Nel 2018 la stazione dei militari infedeli aveva ricevuto un encomio solenne dal comandante della Legione Emilia-Romagna nel corso della festa dei Carabinieri. "Questo deve cambiare. Questo non può essere il metro di valutazione della capacità operativa. Bisogna che venga valutata anche la qualità degli arresti, la modalità, quanto una città di sente sicura grazie all'operatività dei carabinieri. Queste sono misure importanti di valutazione. Se guardiamo solo ai numeri ecco cosa succede. Succede che i numeri non ci raccontano la verità. Non sappiamo quanto le gerarchie fossero consapevoli della corruzione. Ma di certo sappiamo che erano consapevoli di una certa disinvoltura nella gestione degli arresti e degli interrogatori. Lo sappiamo dalle intercettazioni. E quella disinvoltura veniva tollerata perché veniva portato il ‘risultato', di cui poi anche le gerarchie potevano godere".

"Il lato oscuro della vicenda è il rapporto con la criminalità organizzata. Possiamo ipotizzare che a Piacenza, città dove viene arrestato il presidente del Consiglio comunale Caruso per ‘Ndrangheta, qualcuno possa organizzare un gruppo narcotrafficante senza interloquire con la ‘Ndrangheta? Dalle indagini emerge il rapporto diretto con il gruppo dei Giardino, ed è lì la chiave che ci permetterebbe di capire il rapporto con il crimine organizzato. Nella prima parte della loro attività rubano hashish e marjiuana agli spacciatori che arrestano illegalmente, perché se avessero dovuto relazionare sul loro arresto avrebbero dovuto consegnare la merce sequestrata e sottratta. Ad un certo punto il gruppo cresce così tanto che va direttamente dai trafficanti".
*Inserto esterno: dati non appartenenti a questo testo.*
(* Let $\gamma(s)$ be an arc-length parametrized proper triharmonic curve immersed in a 3-dimensional Riemannian manifold $M^3$, with curvature $\kappa(s)$ and torsion $\tau(s)$. Then $$2\frac{d}{ds}\left(\kappa^2\kappa''\right)=\kappa\frac{d}{ds}\left(\kappa^2\left[\kappa^2+\tau^2\right]\right).$$
   Context: For an arc-length parametrized curve $\gamma$ in a Riemannian manifold $M$ with Levi-Civita connection $\nabla$, curvature tensor $R^M(X,Y)=\nabla_X\nabla_Y-\nabla_Y\nabla_X-\nabla_{[X,Y]}$ and $T=\gamma'$, $\gamma$ is triharmonic if $\nabla_T^5T+R^M(\nabla_T^3T,T)T-R^M(\nabla_T^2T,\nabla_TT)T=0$; it is proper triharmonic if it is triharmonic but not a geodesic. For a non-geodesic curve in $M^3$, the Frenet frame $\{T,N,B\}$, curvature $\kappa$ and torsion $\tau$ are defined by $\nabla_TT=\kappa N$, $\nabla_TN=-\kappa T+\tau B$, $\nabla_TB=-\tau N$. *)

theory Defs
  imports "HOL-Analysis.Analysis"
begin

text \<open>Local model of a Riemannian 3-manifold: an open set U of real^3 (a coordinate
chart) carrying a smooth Riemannian metric g, given as a symmetric positive definite
matrix-valued function.  Vector fields along a curve are given by their coordinate
components.\<close>

type_synonym metric = "real^3 \<Rightarrow> real^3^3"

definition pd :: "3 \<Rightarrow> (real^3 \<Rightarrow> real) \<Rightarrow> real^3 \<Rightarrow> real" where
  "pd i f x = deriv (\<lambda>t. f (x + t *\<^sub>R axis i 1)) 0"

fun iter_pd :: "3 list \<Rightarrow> (real^3 \<Rightarrow> real) \<Rightarrow> real^3 \<Rightarrow> real" where
  "iter_pd [] f = f"
| "iter_pd (i # is) f = pd i (iter_pd is f)"

definition smooth_on_R3 :: "(real^3) set \<Rightarrow> (real^3 \<Rightarrow> real) \<Rightarrow> bool" where
  "smooth_on_R3 U f \<longleftrightarrow> (\<forall>is. \<forall>x\<in>U. iter_pd is f differentiable (at x))"

definition smooth_fun :: "real set \<Rightarrow> (real \<Rightarrow> real) \<Rightarrow> bool" where
  "smooth_fun I f \<longleftrightarrow> (\<forall>n. \<forall>s\<in>I. (deriv ^^ n) f differentiable (at s))"

definition smooth_vfield :: "real set \<Rightarrow> (real \<Rightarrow> real^3) \<Rightarrow> bool" where
  "smooth_vfield I V \<longleftrightarrow> (\<forall>k. smooth_fun I (\<lambda>s. V s $ k))"

definition riemannian_metric :: "(real^3) set \<Rightarrow> metric \<Rightarrow> bool" where
  "riemannian_metric U g \<longleftrightarrow> open U \<and>
     (\<forall>i j. smooth_on_R3 U (\<lambda>x. g x $ i $ j)) \<and>
     (\<forall>x\<in>U. transpose (g x) = g x) \<and>
     (\<forall>x\<in>U. \<forall>v. v \<noteq> 0 \<longrightarrow> v \<bullet> (g x *v v) > 0)"

definition ginner :: "metric \<Rightarrow> real^3 \<Rightarrow> real^3 \<Rightarrow> real^3 \<Rightarrow> real" where
  "ginner g x v w = v \<bullet> (g x *v w)"

definition christoffel :: "metric \<Rightarrow> real^3 \<Rightarrow> 3 \<Rightarrow> 3 \<Rightarrow> 3 \<Rightarrow> real" where
  "christoffel g x k i j = (1/2) * (\<Sum>l\<in>UNIV. matrix_inv (g x) $ k $ l *
      (pd i (\<lambda>y. g y $ j $ l) x + pd j (\<lambda>y. g y $ i $ l) x - pd l (\<lambda>y. g y $ i $ j) x))"

definition vel :: "(real \<Rightarrow> real^3) \<Rightarrow> real \<Rightarrow> real^3" where
  "vel \<gamma> s = (\<chi> k. deriv (\<lambda>t. \<gamma> t $ k) s)"

definition covD :: "metric \<Rightarrow> (real \<Rightarrow> real^3) \<Rightarrow> (real \<Rightarrow> real^3) \<Rightarrow> real \<Rightarrow> real^3" where
  "covD g \<gamma> V s = (\<chi> k. deriv (\<lambda>t. V t $ k) s +
      (\<Sum>i\<in>UNIV. \<Sum>j\<in>UNIV. christoffel g (\<gamma> s) k i j * vel \<gamma> s $ i * V s $ j))"

text \<open>Components R^l_{ijk} of R(d_i,d_j)d_k = R^l_{ijk} d_l, for
  R(X,Y) = nabla_X nabla_Y - nabla_Y nabla_X - nabla_[X,Y].\<close>
definition riem_coeff :: "metric \<Rightarrow> real^3 \<Rightarrow> 3 \<Rightarrow> 3 \<Rightarrow> 3 \<Rightarrow> 3 \<Rightarrow> real" where
  "riem_coeff g x l i j k =
     pd i (\<lambda>y. christoffel g y l j k) x - pd j (\<lambda>y. christoffel g y l i k) x
     + (\<Sum>m\<in>UNIV. christoffel g x l i m * christoffel g x m j k
                 - christoffel g x l j m * christoffel g x m i k)"

definition curvR :: "metric \<Rightarrow> real^3 \<Rightarrow> real^3 \<Rightarrow> real^3 \<Rightarrow> real^3 \<Rightarrow> real^3" where
  "curvR g x X Y Z = (\<chi> l. \<Sum>i\<in>UNIV. \<Sum>j\<in>UNIV. \<Sum>k\<in>UNIV.
      riem_coeff g x l i j k * X $ i * Y $ j * Z $ k)"

definition nablaT :: "metric \<Rightarrow> (real \<Rightarrow> real^3) \<Rightarrow> nat \<Rightarrow> real \<Rightarrow> real^3" where
  "nablaT g \<gamma> n = (covD g \<gamma> ^^ n) (vel \<gamma>)"

definition triharmonic :: "(real^3) set \<Rightarrow> metric \<Rightarrow> real set \<Rightarrow> (real \<Rightarrow> real^3) \<Rightarrow> bool" where
  "triharmonic U g I \<gamma> \<longleftrightarrow> (\<forall>s\<in>I.
     nablaT g \<gamma> 5 s + curvR g (\<gamma> s) (nablaT g \<gamma> 3 s) (vel \<gamma> s) (vel \<gamma> s)
       - curvR g (\<gamma> s) (nablaT g \<gamma> 2 s) (nablaT g \<gamma> 1 s) (vel \<gamma> s) = 0)"

definition geodesic :: "metric \<Rightarrow> real set \<Rightarrow> (real \<Rightarrow> real^3) \<Rightarrow> bool" where
  "geodesic g I \<gamma> \<longleftrightarrow> (\<forall>s\<in>I. nablaT g \<gamma> 1 s = 0)"

definition proper_triharmonic :: "(real^3) set \<Rightarrow> metric \<Rightarrow> real set \<Rightarrow> (real \<Rightarrow> real^3) \<Rightarrow> bool" where
  "proper_triharmonic U g I \<gamma> \<longleftrightarrow> triharmonic U g I \<gamma> \<and> \<not> geodesic g I \<gamma>"

definition arclength_curve :: "(real^3) set \<Rightarrow> metric \<Rightarrow> real set \<Rightarrow> (real \<Rightarrow> real^3) \<Rightarrow> bool" where
  "arclength_curve U g I \<gamma> \<longleftrightarrow> open I \<and> is_interval I \<and> smooth_vfield I \<gamma> \<and>
     (\<forall>s\<in>I. \<gamma> s \<in> U) \<and> (\<forall>s\<in>I. ginner g (\<gamma> s) (vel \<gamma> s) (vel \<gamma> s) = 1)"

definition frenet :: "metric \<Rightarrow> real set \<Rightarrow> (real \<Rightarrow> real^3) \<Rightarrow> (real \<Rightarrow> real^3) \<Rightarrow> (real \<Rightarrow> real^3)
     \<Rightarrow> (real \<Rightarrow> real) \<Rightarrow> (real \<Rightarrow> real) \<Rightarrow> bool" where
  "frenet g I \<gamma> N B \<kappa> \<tau> \<longleftrightarrow>
     smooth_vfield I N \<and> smooth_vfield I B \<and> smooth_fun I \<kappa> \<and> smooth_fun I \<tau> \<and>
     (\<forall>s\<in>I. let x = \<gamma> s; T = vel \<gamma> s in
        ginner g x (N s) (N s) = 1 \<and> ginner g x (B s) (B s) = 1 \<and>
        ginner g x T (N s) = 0 \<and> ginner g x T (B s) = 0 \<and> ginner g x (N s) (B s) = 0) \<and>
     (\<forall>s\<in>I. covD g \<gamma> (vel \<gamma>) s = \<kappa> s *\<^sub>R N s \<and>
             covD g \<gamma> N s = - \<kappa> s *\<^sub>R vel \<gamma> s + \<tau> s *\<^sub>R B s \<and>
             covD g \<gamma> B s = - \<tau> s *\<^sub>R N s)"

end

theory Submission
  imports Defs
begin

text \<open>Write \<open>nabla_T^n T = a_n T + b_n N + c_n B\<close>.  The Frenet equations turn covariant
  differentiation into the recursion \<open>a_(n+1) = a_n' - \<kappa> b_n\<close>, \<open>b_(n+1) = b_n' + \<kappa> a_n - \<tau> c_n\<close>,
  \<open>c_(n+1) = c_n' + \<tau> b_n\<close>, which gives
  \<open>a_5 = 10\<kappa>\<^sup>3\<kappa>' + 5\<kappa>\<kappa>'\<tau>\<^sup>2 + 5\<kappa>\<^sup>2\<tau>\<tau>' - 10\<kappa>'\<kappa>'' - 5\<kappa>\<kappa>'''\<close>.
  Pairing the triharmonic equation with \<open>T\<close> kills both curvature terms, since
  \<open>\<langle>R(X,Y)Z, Z\<rangle> = 0\<close>: in a chart this antisymmetry of the lowered curvature tensor follows from
  the formula for the Christoffel symbols and the symmetry of the second partial derivatives of
  the metric.  Hence \<open>a_5 = 0\<close>, and the claimed identity is \<open>-(2/5) \<kappa> a_5 = 0\<close>.\<close>

section \<open>Partial derivatives in a chart\<close>

lemma has_real_derivative_along_line:
  fixes f :: "'a::real_normed_vector \<Rightarrow> real"
  assumes "(f has_derivative f') (at (y + t *\<^sub>R v))"
  shows "((\<lambda>t. f (y + t *\<^sub>R v)) has_real_derivative f' v) (at t)"
proof -
  have "((\<lambda>t. y + t *\<^sub>R v) has_derivative (\<lambda>h. h *\<^sub>R v)) (at t)"
    by (auto intro!: derivative_eq_intros)
  from has_derivative_compose[OF this assms]
  have "((\<lambda>t. f (y + t *\<^sub>R v)) has_derivative (\<lambda>h. f' (h *\<^sub>R v))) (at t)" .
  moreover have "(\<lambda>h. f' (h *\<^sub>R v)) = (*) (f' v)"
    using linear_cmul[OF has_derivative_linear[OF assms]] by (auto simp: mult.commute)
  ultimately show ?thesis by (simp add: has_field_derivative_def)
qed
"Mi ha molto colpito una scena. Vanno a fare un'estorsione a una concessionaria. Sostanzialmente comprano, intimidendo, una macchina da oltre 50-60mila euro a 10mila euro. Vanno a fare l'estorsione mostrando la placca dei carabinieri e mostrando l'arma. Loro dicono di comportarsi come in Gomorra (il famoso romanzo-cult sulla Camorra scritto dal giornalista ndr), usando espressioni come "alla Gomorra". Gomorra quindi diventa uno specchio, in cui i criminali si stanno guardando. Guardano la serie, non per intrattenimento o per capire delle dinamiche, ma per diventare coloro che dovrebbero contrastare. Il riferimento a Gomorra lo fa perfino la madre di Montella, che è considerato il capo di quest'organizzazione. La donna dice: ‘Lo state accusando perché c'è Gomorra. Dato che esiste questa serie pensate che mio figlio, campano, sia un camorrista'. D'altra parte anche la Procura usa la metafora di Gomorra per descrivere una complessità di connivenza. Perché in qualche modo esiste la realtà e poi esiste Gomorra. Cioè il mondo che inizia a dividersi tra realtà e Gomorra significa che da un lato c'è il ‘come dovrebbero andare le cose' e dall'altro il ‘come vanno'. È la prova per quanto mi riguarda che chi accusava Gomorra ‘esagerata', una ‘creazione di fantasia', non conoscesse la realtà, che spesso è perfino peggiore di come abbiamo provato a rappresentarla".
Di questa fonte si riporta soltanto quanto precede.